Verweerster en de andere aangeklaagde verloskundigen waren in de periode waar het hier om gaat allen werkzaam in de verloskundigenpraktijk ‘D.’ te B.. Vijf verloskun-digen, waaronder verweerster, werkten daar vast en twee verloskundigen waren destijds waarneemster. Men werkt afwisselend en een patiënt heeft niet één vaste verloskundige. Allen maken in één dossier hun (korte) aantekeningen op de zogenaamde ‘Rodebandkaart’ en uitgebreidere notities op een bladzijde genaamd ‘zwangerschap consult-notities’. Ook een gedeelte van de intake is op een aparte bladzijde genoteerd.

-  Op 17 juli 2008 heeft waarneemster E. de intake gedaan bij klaagster. Uit het afzonderlijke verslag van die intake, dat niet gedateerd is, blijkt onder meer dat klaagster negatieve seksuele ervaringen had van haar zevende tot vijftiende jaar. Haar vader is hiervoor veroordeeld. Verder blijkt daaruit dat klaagster reeds een dochter van zes jaar oud had, die was geboren met een spina bifida occulta.  De bevalling had 30 uur geduurd en klaagster was ingestuurd voor sedatie die zij echter niet had gekregen. Klaagster gaf aan dat zij zich niet serieus genomen had gevoeld tijdens deze bevalling. Verder is genoteerd: “Nu van een andere partner zwanger, hier geen contact mee. Bewust zwanger geraakt, partner wilde dit ook. Nu plotseling relatie verbroken. Weet wel dat mw zwanger is. Na een ruzie behoorlijk geëscaleerd. Mw politie gebeld, omdat ze zich bedreigd voelde. Man hier kwaad over, weggegaan” . Ook vermeldde de intake dat klaagster zich in haar vorige woonplaats bedreigd voelde door een buurvrouw. De gegevens van de vorige zwangerschap zijn niet opgevraagd. Op de Rodebandkaart is als à terme datum genoteerd 10 maart 2009.

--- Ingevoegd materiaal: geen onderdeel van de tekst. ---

(* Let $\mathcal N=\mathbb N^*$, $\Omega=\{x,y\}$, and $U\in\mathbb Q^{\underline\Omega}$ the mould with $U^x=1$, $U^{x^pyx^q}=\frac{(-1)^q}{p!q!}$ ($p,q\in\mathbb N$), $U^{\underline\omega}=0$ otherwise. For $M\in\mathbb Q^{\underline{\mathcal N}}$ define $M\odot U\in\mathbb Q^{\underline\Omega}$ by $(M\odot U)^\emptyset=M^\emptyset$ and, for nonempty $\underline\omega$, $$(M\odot U)^{\underline\omega}=\sum_{s\ge1}\ \sum_{\substack{\underline\omega=\underline\omega^1\cdots\underline\omega^s\\ \underline\omega^1,\dots,\underline\omega^s\ne\emptyset}}M^{r(\underline\omega^1)\cdots r(\underline\omega^s)}U^{\underline\omega^1}\cdots U^{\underline\omega^s},$$ where $r(\underline\omega^1)\cdots r(\underline\omega^s)$ is read as a word of length $s$ over $\mathcal N$. Then for any unital associative algebra $\mathbb A$ over a field of characteristic zero, any $X,Y\in\mathbb A$, and any $M\in\mathbb Q^{\underline{\mathcal N}}$, $$MD=(M\odot U)B,$$ where $D$ is the associative comould generated by $D_n=\frac{t^n}{(n-1)!}\mathrm{ad}_X^{n-1}(X+Y)$ ($n\in\mathcal N$) and $B$ is the associative comould generated by $B_x=tX$, $B_y=tY$.
   Context: For an alphabet $\mathcal M$, $\underline{\mathcal M}$ is its set of finite words (empty word $\emptyset$, length $r(\cdot)$); a mould is a function $\underline{\mathcal M}\to\mathbb Q$. For a family $(C_m)_{m\in\mathcal M}$ in $\mathbb A[[t]]$, the associative comould is $C_\emptyset=1$, $C_{m_1\cdots m_r}=C_{m_1}\cdots C_{m_r}$, and $MC=\sum_{\underline m}M^{\underline m}C_{\underline m}$ ($t$-adically convergent here). $\mathrm{ad}_AB=AB-BA$. *)

theory Defs
  imports "HOL-Computational_Algebra.Formal_Power_Series"
begin

definition is_algebra :: "('k::field \<Rightarrow> 'a::ring_1 \<Rightarrow> 'a) \<Rightarrow> bool" where
  "is_algebra sc \<longleftrightarrow>
     (\<forall>a x y. sc a (x + y) = sc a x + sc a y) \<and>
     (\<forall>a b x. sc (a + b) x = sc a x + sc b x) \<and>
     (\<forall>a b x. sc (a * b) x = sc a (sc b x)) \<and>
     (\<forall>x. sc 1 x = x) \<and>
     (\<forall>a x y. sc a (x * y) = sc a x * y) \<and>
     (\<forall>a x y. sc a (x * y) = x * sc a y)"

definition ad :: "'a::ring \<Rightarrow> 'a \<Rightarrow> 'a" where
  "ad A B = A * B - B * A"

definition comould :: "('m \<Rightarrow> 'a::ring_1 fps) \<Rightarrow> 'm list \<Rightarrow> 'a fps" where
  "comould C w = prod_list (map C w)"

(* t-adic sum of a family of power series (coefficientwise; each coefficient
   has finite support in the situations considered) *)
definition fps_tsum :: "('w \<Rightarrow> 'a::comm_monoid_add fps) \<Rightarrow> 'w set \<Rightarrow> 'a fps" where
  "fps_tsum F W = Abs_fps (\<lambda>n. \<Sum>w \<in> {w \<in> W. fps_nth (F w) n \<noteq> 0}. fps_nth (F w) n)"

definition mould_apply ::
  "('k::field_char_0 \<Rightarrow> 'a::ring_1 \<Rightarrow> 'a) \<Rightarrow> ('m list \<Rightarrow> rat) \<Rightarrow> ('m \<Rightarrow> 'a fps) \<Rightarrow> 'm list set \<Rightarrow> 'a fps" where
  "mould_apply sc M C W = fps_tsum (\<lambda>w. Abs_fps (\<lambda>n. sc (of_rat (M w)) (fps_nth (comould C w) n))) W"

datatype omega = ox | oy

definition U :: "omega list \<Rightarrow> rat" where
  "U w = (if w = [ox] then 1
          else if (\<exists>p q. w = replicate p ox @ [oy] @ replicate q ox)
          then (THE r. \<exists>p q. w = replicate p ox @ [oy] @ replicate q ox \<and>
                              r = (-1) ^ q / (fact p * fact q))
          else 0)"

(* M \<odot> U, words over N* encoded as nat lists *)
definition odot :: "(nat list \<Rightarrow> rat) \<Rightarrow> (omega list \<Rightarrow> rat) \<Rightarrow> omega list \<Rightarrow> rat" where
  "odot M V w = (if w = [] then M []
     else (\<Sum>ws \<in> {ws. concat ws = w \<and> (\<forall>v \<in> set ws. v \<noteq> [])}.
             M (map length ws) * prod_list (map V ws)))"

definition Dgen :: "('k::field_char_0 \<Rightarrow> 'a::ring_1 \<Rightarrow> 'a) \<Rightarrow> 'a \<Rightarrow> 'a \<Rightarrow> nat \<Rightarrow> 'a fps" where
  "Dgen sc X Y n = fps_const (sc (of_rat (1 / fact (n - 1))) ((ad X ^^ (n - 1)) (X + Y))) * fps_X ^ n"

definition Bgen :: "'a::ring_1 \<Rightarrow> 'a \<Rightarrow> omega \<Rightarrow> 'a fps" where
  "Bgen X Y c = (case c of ox \<Rightarrow> fps_const X * fps_X | oy \<Rightarrow> fps_const Y * fps_X)"

end

theory Submission
  imports Defs
begin

text \<open>
  The coefficient of \<open>t\<^sup>n\<close> on either side is a finite sum. Splitting off the first part
  \<open>k\<close> of a composition of \<open>n\<close> on the left, and the first factor (of length \<open>k\<close>) of a
  factorization of a word on the right, shows that both coefficient families satisfy the same
  recursion in \<open>(M, n)\<close>, provided the degree-\<open>k\<close> part of \<open>U B\<close> equals \<open>D\<^sub>k\<close>. For \<open>k = 1\<close> this
  part is \<open>X + Y\<close>; for \<open>k = m + 1 > 1\<close> only the words \<open>x\<^sup>p y x\<^sup>q\<close> with \<open>p + q = m\<close> contribute,
  and their weights \<open>(-1)\<^sup>q / (p! q!)\<close> are the coefficients of the binomial expansion of
  \<open>ad\<^sub>X\<^sup>m Y\<close> divided by \<open>m!\<close>, while \<open>ad\<^sub>X\<^sup>m X = 0\<close>.
\<close>

locale scalar_algebra =
  fixes sc :: "'k::field_char_0 \<Rightarrow> 'a::ring_1 \<Rightarrow> 'a"
  assumes is_algebra: "is_algebra sc"
begin

lemma scale_add_right: "sc a (x + y) = sc a x + sc a y"
  and scale_add_left: "sc (a + b) x = sc a x + sc b x"
  and scale_scale: "sc (a * b) x = sc a (sc b x)"
  and scale_one: "sc 1 x = x"
  and scale_mult_left: "sc a (x * y) = sc a x * y"
  and scale_mult_right: "sc a (x * y) = x * sc a y"
  using is_algebra unfolding is_algebra_def by blast+

lemma scale_zero_right [simp]: "sc a 0 = 0"
  using scale_add_right[of a 0 0] by simp

lemma scale_zero_left [simp]: "sc 0 x = 0"
  using scale_add_left[of 0 0 x] by simp

lemma scale_sum_right: "sc a (sum f A) = (\<Sum>i\<in>A. sc a (f i))"
  by (induction A rule: infinite_finite_induct) (auto simp: scale_add_right)

lemma scale_sum_left: "sc (sum f A) x = (\<Sum>i\<in>A. sc (f i) x)"
  by (induction A rule: infinite_finite_induct) (auto simp: scale_add_left)

lemma scale_minus_left: "sc (- a) x = - sc a x"
  using scale_add_left[of a "- a" x] by (simp add: eq_neg_iff_add_eq_0 add.commute)

lemma scale_of_nat: "sc (of_nat n) x = of_nat n * x"
  by (induction n) (auto simp: scale_add_left scale_one algebra_simps)

lemma scale_of_int: "sc (of_int i) x = of_int i * x"
  by (cases i rule: int_cases) (simp_all add: scale_minus_left scale_of_nat del: of_nat_Suc)

lemma scale_mult_mult: "sc (a * b) (x * y) = sc a x * sc b y"
  by (simp only: scale_scale scale_mult_right[of b x y] scale_mult_left[of a x])

end

lemma ad_iterate_add: "(ad X ^^ m) (a + b) = (ad X ^^ m) a + (ad X ^^ m) (b::'a::ring)"
  by (induction m) (auto simp: ad_def algebra_simps)

lemma ad_iterate_self:
  assumes "m \<ge> 1" shows "(ad X ^^ m) (X::'a::ring) = 0"
proof -
  have "(ad X ^^ k) 0 = 0" for k by (induction k) (auto simp: ad_def)
  with assms show ?thesis
    by (cases m) (auto simp: funpow_Suc_right ad_def simp del: funpow.simps)
qed

lemma signed_pascal_sum:
  fixes f :: "nat \<Rightarrow> 'a::ring_1"
  defines "c m p \<equiv> of_int ((-1)^(m-p) * int (m choose p)) :: 'a"
  shows "(\<Sum>p\<le>Suc m. c (Suc m) p * f p)
       = (\<Sum>p\<le>m. c m p * f (Suc p)) - (\<Sum>p\<le>m. c m p * f p)"
proof -
  have pascal: "c (Suc m) (Suc p) = c m p - c m (Suc p)" if "p \<le> m" for p
  proof (cases "p = m")
    case False
    with that obtain r where "m - p = Suc r" "m - Suc p = r"
      by (metis Suc_diff_Suc diff_Suc_1 le_neq_implies_less)
    then show ?thesis by (simp add: c_def algebra_simps)
  qed (simp add: c_def binomial_eq_0)
  have "(\<Sum>p\<le>m. c m p * f p) = (\<Sum>p\<le>Suc m. c m p * f p)"
    by (simp add: c_def binomial_eq_0)
  also have "\<dots> = c m 0 * f 0 + (\<Sum>p\<le>m. c m (Suc p) * f (Suc p))"
    by (rule sum.atMost_Suc_shift)
  finally have shifted: "(\<Sum>p\<le>m. c m p * f p) = c m 0 * f 0 + (\<Sum>p\<le>m. c m (Suc p) * f (Suc p))" .
  have "(\<Sum>p\<le>Suc m. c (Suc m) p * f p) = c (Suc m) 0 * f 0 + (\<Sum>p\<le>m. c (Suc m) (Suc p) * f (Suc p))"
    by (rule sum.atMost_Suc_shift)
  also have "\<dots> = - c m 0 * f 0 + ((\<Sum>p\<le>m. c m p * f (Suc p)) - (\<Sum>p\<le>m. c m (Suc p) * f (Suc p)))"
    using pascal by (simp add: c_def left_diff_distrib flip: sum_subtractf)
  finally show ?thesis unfolding shifted by (simp add: algebra_simps)
qed

lemma ad_iterate_expansion:
  fixes X Y :: "'a::ring_1"
  shows "(ad X ^^ m) Y = (\<Sum>p\<le>m. of_int ((-1)^(m-p) * int (m choose p)) * (X^p * Y * X^(m-p)))"
proof (induction m)
  case (Suc m)
  define c where "c m p = (of_int ((-1)^(m-p) * int (m choose p)) :: 'a)" for m p
  have "(ad X ^^ Suc m) Y = X * (\<Sum>p\<le>m. c m p * (X^p * Y * X^(m-p)))
                         - (\<Sum>p\<le>m. c m p * (X^p * Y * X^(m-p))) * X"
    by (simp only: funpow.simps comp_def Suc.IH ad_def c_def)
  also have "\<dots> = (\<Sum>p\<le>m. c m p * (X^Suc p * Y * X^(Suc m - Suc p)))
                 - (\<Sum>p\<le>m. c m p * (X^p * Y * X^(Suc m - p)))"
    unfolding sum_distrib_left sum_distrib_right
  proof (intro arg_cong2[where f = minus] sum.cong refl)
    fix p assume "p \<in> {..m}"
    then have p: "p \<le> m" by simp
    show "X * (c m p * (X^p * Y * X^(m-p))) = c m p * (X^Suc p * Y * X^(Suc m - Suc p))"
      by (simp only: c_def mult_of_int_commute mult.assoc[symmetric])
        (simp only: diff_Suc_Suc power_Suc mult.assoc)
    show "c m p * (X^p * Y * X^(m-p)) * X = c m p * (X^p * Y * X^(Suc m - p))"
      by (simp only: Suc_diff_le[OF p] power_Suc2 mult.assoc)
  qed
  also have "\<dots> = (\<Sum>p\<le>Suc m. c (Suc m) p * (X^p * Y * X^(Suc m - p)))"
    unfolding c_def by (rule signed_pascal_sum[symmetric])
  finally show ?case by (simp add: c_def)
qed simp

definition factorizations :: "'a list \<Rightarrow> 'a list list set" where
  "factorizations w = {ws. concat ws = w \<and> (\<forall>v\<in>set ws. v \<noteq> [])}"

lemma factorizations_Nil: "factorizations [] = {[]}"
  unfolding factorizations_def by auto

lemma bij_betw_factorizations_first:
  assumes "w \<noteq> []"
  shows "bij_betw (\<lambda>(k, ws). take k w # ws)
           (SIGMA k:{1..length w}. factorizations (drop k w)) (factorizations w)"
proof (rule bij_betw_byWitness[where f' = "\<lambda>ws. (length (hd ws), tl ws)"])
  have split: "\<exists>v r. ws = v # r \<and> v \<noteq> [] \<and> w = v @ concat r \<and> r \<in> factorizations (concat r)"
    if "ws \<in> factorizations w" for ws
    using that assms by (cases ws) (auto simp: factorizations_def)
  show "\<forall>ws\<in>factorizations w. (\<lambda>(k, ws). take k w # ws) (length (hd ws), tl ws) = ws"
    using split by fastforce
  show "(\<lambda>ws. (length (hd ws), tl ws)) ` factorizations w
          \<subseteq> (SIGMA k:{1..length w}. factorizations (drop k w))"
    using split by (fastforce simp: Suc_le_eq)
  show "(\<lambda>(k, ws). take k w # ws) ` (SIGMA k:{1..length w}. factorizations (drop k w))
          \<subseteq> factorizations w"
    using assms by (auto simp: factorizations_def)
qed (auto simp: factorizations_def)

lemma finite_factorizations: "finite (factorizations w)"
proof (induction w rule: length_induct)
  case (1 w)
  show ?case
  proof (cases "w = []")
    case False
    have "finite (SIGMA k:{1..length w}. factorizations (drop k w))"
      using False "1.IH" by (intro finite_SigmaI) auto
    then show ?thesis
      using bij_betw_finite[OF bij_betw_factorizations_first[OF False]] by simp
  qed (simp add: factorizations_Nil)
qed

lemma odot_eq_sum_factorizations:
  "odot M V w = (\<Sum>ws\<in>factorizations w. M (map length ws) * prod_list (map V ws))"
  by (simp add: odot_def factorizations_Nil flip: factorizations_def)

lemma odot_first_factor:
  assumes "w \<noteq> []"
  shows "odot M V w = (\<Sum>k\<in>{1..length w}. V (take k w) * odot (\<lambda>v. M (k # v)) V (drop k w))"
proof -
  have "odot M V w = (\<Sum>(k, ws)\<in>(SIGMA k:{1..length w}. factorizations (drop k w)).
          M (map length (take k w # ws)) * prod_list (map V (take k w # ws)))"
    unfolding odot_eq_sum_factorizations
      sum.reindex_bij_betw[OF bij_betw_factorizations_first[OF assms], symmetric]
    by (simp add: case_prod_beta)
  also have "\<dots> = (\<Sum>(k, ws)\<in>(SIGMA k:{1..length w}. factorizations (drop k w)).
          V (take k w) * (M (k # map length ws) * prod_list (map V ws)))"
    by (rule sum.cong) (auto simp: mult.left_commute)
  also have "\<dots> = (\<Sum>k\<in>{1..length w}. V (take k w) * odot (\<lambda>v. M (k # v)) V (drop k w))"
    by (simp add: sum.Sigma[symmetric] finite_factorizations odot_eq_sum_factorizations
        sum_distrib_left)
  finally show ?thesis .
qed

definition compositions :: "nat \<Rightarrow> nat list set" where
  "compositions n = {w \<in> lists {1..}. sum_list w = n}"

lemma compositions_0: "compositions 0 = {[]}"
proof -
  have "w = []" if "w \<in> lists {1..}" "sum_list w = 0" for w :: "nat list"
    using that by (cases w) auto
  then show ?thesis by (auto simp: compositions_def)
qed

lemma bij_betw_compositions_first:
  assumes "n > 0"
  shows "bij_betw (\<lambda>(k, w). k # w) (SIGMA k:{1..n}. compositions (n - k)) (compositions n)"
proof (rule bij_betw_byWitness[where f' = "\<lambda>w. (hd w, tl w)"])
  have first: "\<exists>k r. w = k # r" if "w \<in> compositions n" for w
    using that assms by (cases w) (auto simp: compositions_def)
  then show "\<forall>w\<in>compositions n. (\<lambda>(k, w). k # w) (hd w, tl w) = w"
    by fastforce
  show "(\<lambda>w. (hd w, tl w)) ` compositions n \<subseteq> (SIGMA k:{1..n}. compositions (n - k))"
    using first by (fastforce simp: compositions_def)
qed (auto simp: compositions_def)
lemma pareto_set_eq_on_remaining_objective:
  assumes "y \<in> pareto_set X F" "y' \<in> pareto_set X F" "j \<in> F" "\<forall>f\<in>F - {j}. f y = f y'"
  shows "j y = j y'"
proof (rule ccontr)
  have "y \<in> X" "y' \<in> X"
    using assms(1,2) pareto_set_subset[of X F] by blast+
  assume "j y \<noteq> j y'"
  then consider "j y < j y'" | "j y' < j y"
    by linarith
  then show False
  proof cases
    case 1
    then have "\<forall>f\<in>F. f y \<le> f y'"
      using assms(4) by (metis DiffI less_imp_le order_refl singletonD)
    then have "\<not> j y < j y'"
      by (rule pareto_set_undominated[OF assms(2) \<open>y \<in> X\<close> _ assms(3)])
    with 1 show False
      by simp
  next
    case 2
    then have "\<forall>f\<in>F. f y' \<le> f y"
      using assms(4) by (metis DiffI less_imp_le order_refl singletonD)
    then have "\<not> j y' < j y"
      by (rule pareto_set_undominated[OF assms(1) \<open>y' \<in> X\<close> _ assms(3)])
    with 2 show False
      by simp
  qed
qed

definition objective_vector :: "nat \<Rightarrow> (nat \<Rightarrow> 'a \<Rightarrow> real) \<Rightarrow> 'a \<Rightarrow> nat \<Rightarrow> real" where
  "objective_vector n c x = (\<lambda>i. if i < n then c i x else 0)"

lemma objective_vector_in_Rk: "objective_vector n c x \<in> Rk n"
  by (simp add: objective_vector_def Rk_def)

lemma objective_vector_eq_iff:
  "objective_vector n c x = objective_vector n c y \<longleftrightarrow> (\<forall>i<n. c i x = c i y)"
  by (auto simp: objective_vector_def fun_eq_iff)

lemma continuous_on_objective_vector:
  assumes "\<And>i. i < n \<Longrightarrow> continuous_on S (c i)"
  shows "continuous_on S (objective_vector n c)"
  unfolding objective_vector_def
proof (intro continuous_on_coordinatewise_then_product)
  show "continuous_on S (\<lambda>x. if i < n then c i x else 0)" for i
    using assms by (cases "i < n") simp_all
qed

lemma pareto_set_not_in_openin_objective_image:
  assumes "x \<in> pareto_set X G" "G \<subseteq> c ` {..<n}" "x \<in> U" "U \<subseteq> X"
    and "openin (top_of_set (Rk n)) (objective_vector n c ` U)"
  shows False
proof -
  obtain a where a: "a < n" "c a \<in> G"
    using assms(1,2) unfolding mem_pareto_set_iff by blast
  obtain t where t: "t < 0"
    "(objective_vector n c x)(a := objective_vector n c x a + t) \<in> objective_vector n c ` U"
    using openin_Rk_decrease_coordinate[OF assms(5) imageI[OF assms(3)] a(1)] by blast
  then obtain y where "y \<in> U"
    and y: "objective_vector n c y = (objective_vector n c x)(a := objective_vector n c x a + t)"
    by (metis imageE)
  have c_y: "c i y = c i x + (if i = a then t else 0)" if "i < n" for i
    using fun_cong[OF y, of i] that a(1) by (auto simp: objective_vector_def)
  have "\<forall>f\<in>G. f y \<le> f x"
  proof
    fix f assume "f \<in> G"
    then obtain i where "i < n" "f = c i"
      using assms(2) by blast
    then show "f y \<le> f x"
      using c_y t(1) by simp
  qed
  moreover have "y \<in> X"
    using \<open>y \<in> U\<close> assms(4) by blast
  ultimately have "\<not> c a y < c a x"
    using pareto_set_undominated[OF assms(1)] a(2) by blast
  with c_y[OF a(1)] t(1) show False
    by simp
qed

lemma simple_problemD:
  assumes "simple_problem X F" "G \<subseteq> F"
  shows "finite F" "pareto_set X G homeomorphic std_simplex (card G)"
    and "\<exists>h. homeomorphism (pareto_set X G) (eval_map G ` pareto_set X G) (eval_map G) h"
  using assms unfolding simple_problem_def topological_embedding_on_def by simp_all

lemma simple_problem_inj_on_eval_map:
  assumes "simple_problem X F" "G \<subseteq> F"
  shows "inj_on (eval_map G) (pareto_set X G)"
  using simple_problemD(3)[OF assms] homeomorphism_inj_on by blast

lemma simple_problem_continuous_on_objective:
  assumes "simple_problem X F" "f \<in> F"
  shows "continuous_on (pareto_set X F) f"
proof -
  have "continuous_on (pareto_set X F) (eval_map F)"
    using simple_problemD(3)[OF assms(1) order_refl] homeomorphism_cont1 by blast
  then have "continuous_on (pareto_set X F) (\<lambda>x. eval_map F x f)"
    by (rule continuous_on_product_then_coordinatewise)
  with assms(2) show ?thesis
    by (simp add: eval_map_def)
qed

lemma simple_problem_drop_objective_embedding:
  assumes "simple_problem X F" "j \<in> F" "c ` {..<n} = F - {j}"
  shows "continuous_on (pareto_set X F) (objective_vector n c)"
    and "inj_on (objective_vector n c) (pareto_set X F)"
proof -
  show "continuous_on (pareto_set X F) (objective_vector n c)"
    using assms(1,3) by (intro continuous_on_objective_vector simple_problem_continuous_on_objective) auto
  show "inj_on (objective_vector n c) (pareto_set X F)"
  proof (rule inj_onI)
    fix y y' assume yy': "y \<in> pareto_set X F" "y' \<in> pareto_set X F"
      and "objective_vector n c y = objective_vector n c y'"
    then have "\<forall>f\<in>F - {j}. f y = f y'"
      unfolding assms(3)[symmetric] by (simp add: objective_vector_eq_iff)
    moreover from this have "j y = j y'"
      by (rule pareto_set_eq_on_remaining_objective[OF yy' assms(2)])
    ultimately have "eval_map F y = eval_map F y'"
      by (auto simp: eval_map_eq_iff)
    then show "y = y'"
      using simple_problem_inj_on_eval_map[OF assms(1) order_refl] yy' by (auto dest: inj_onD)
  qed
qed

lemma finite_enumerate_Diff_singleton:
  assumes "finite F" "j \<in> F"
  obtains n and c :: "nat \<Rightarrow> 'a" where "card F = Suc n" "c ` {..<n} = F - {j}"
proof -
  obtain c where "bij_betw c {0..<card (F - {j})} (F - {j})"
    using ex_bij_betw_nat_finite assms(1) finite_Diff by blast
  then show ?thesis
    using that[of "card (F - {j})" c] card_Suc_Diff1[OF assms] by (simp add: bij_betw_def atLeast0LessThan)
qed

- Naar aanleiding van de intake werd in het gemeenschappelijke overleg op 30 juli 2008 afgesproken dat klaagster in aanmerking kwam voor een geavanceerd ultrageluid onderzoek (een GUO), en voorts werd uit dit overleg vermeld in het dossier “Bespr. maken melding AMK”. Ook is besloten dat voor de consulten met klaagster tweemaal zoveel tijd als gebruikelijk zou worden uitgetrokken. Van gemeenschappelijke overleggen werden destijds geen verslagen gemaakt.

- Klaagster verscheen niet op de volgende controleafspraak.

- Op 2 augustus 2008 belde klaagster met F.. Aangetekend is: “belt mij dat ze ruzie heeft gehad met partner en dat ze in de buik is getrapt-maakt zich ongerust”. De bladzijde ‘zwangerschap consult-notities’ start met de aantekening (ook op 2 augustus 2008): “advies politie bellen”. F. maakt een afspraak tussendoor met klaagster.

- Op 5 augustus 2008 komt klaagster bij F., die op de Rodebandkaart noteert: “wil niet dat er melding wordt gemaakt bij AMK. Heeft afspraak bij politie”. F. neemt telefonisch contact op met de politie. Bij de ‘zwangerschap consult-notities’ wordt onder meer genoteerd: “Gebeld met (naam politieagent, RTC) om situatie door te geven. Hij maakt sowieso melding bij AMK (…)” en vervolgens is door G. genoteerd:  “politie heeft teruggebeld. Mevr. heeft daar net een kort gesprekje gehad. Ze is mishandeld door haar ex man. (…) Ook heeft ze een knietje in haar buik gekregen. (…) Politie mocht geen melding AMK doen van mw, maar hij belt hier nog een keer achteraan. Wij moeten dit ook nog vaker aankaarten. (…)”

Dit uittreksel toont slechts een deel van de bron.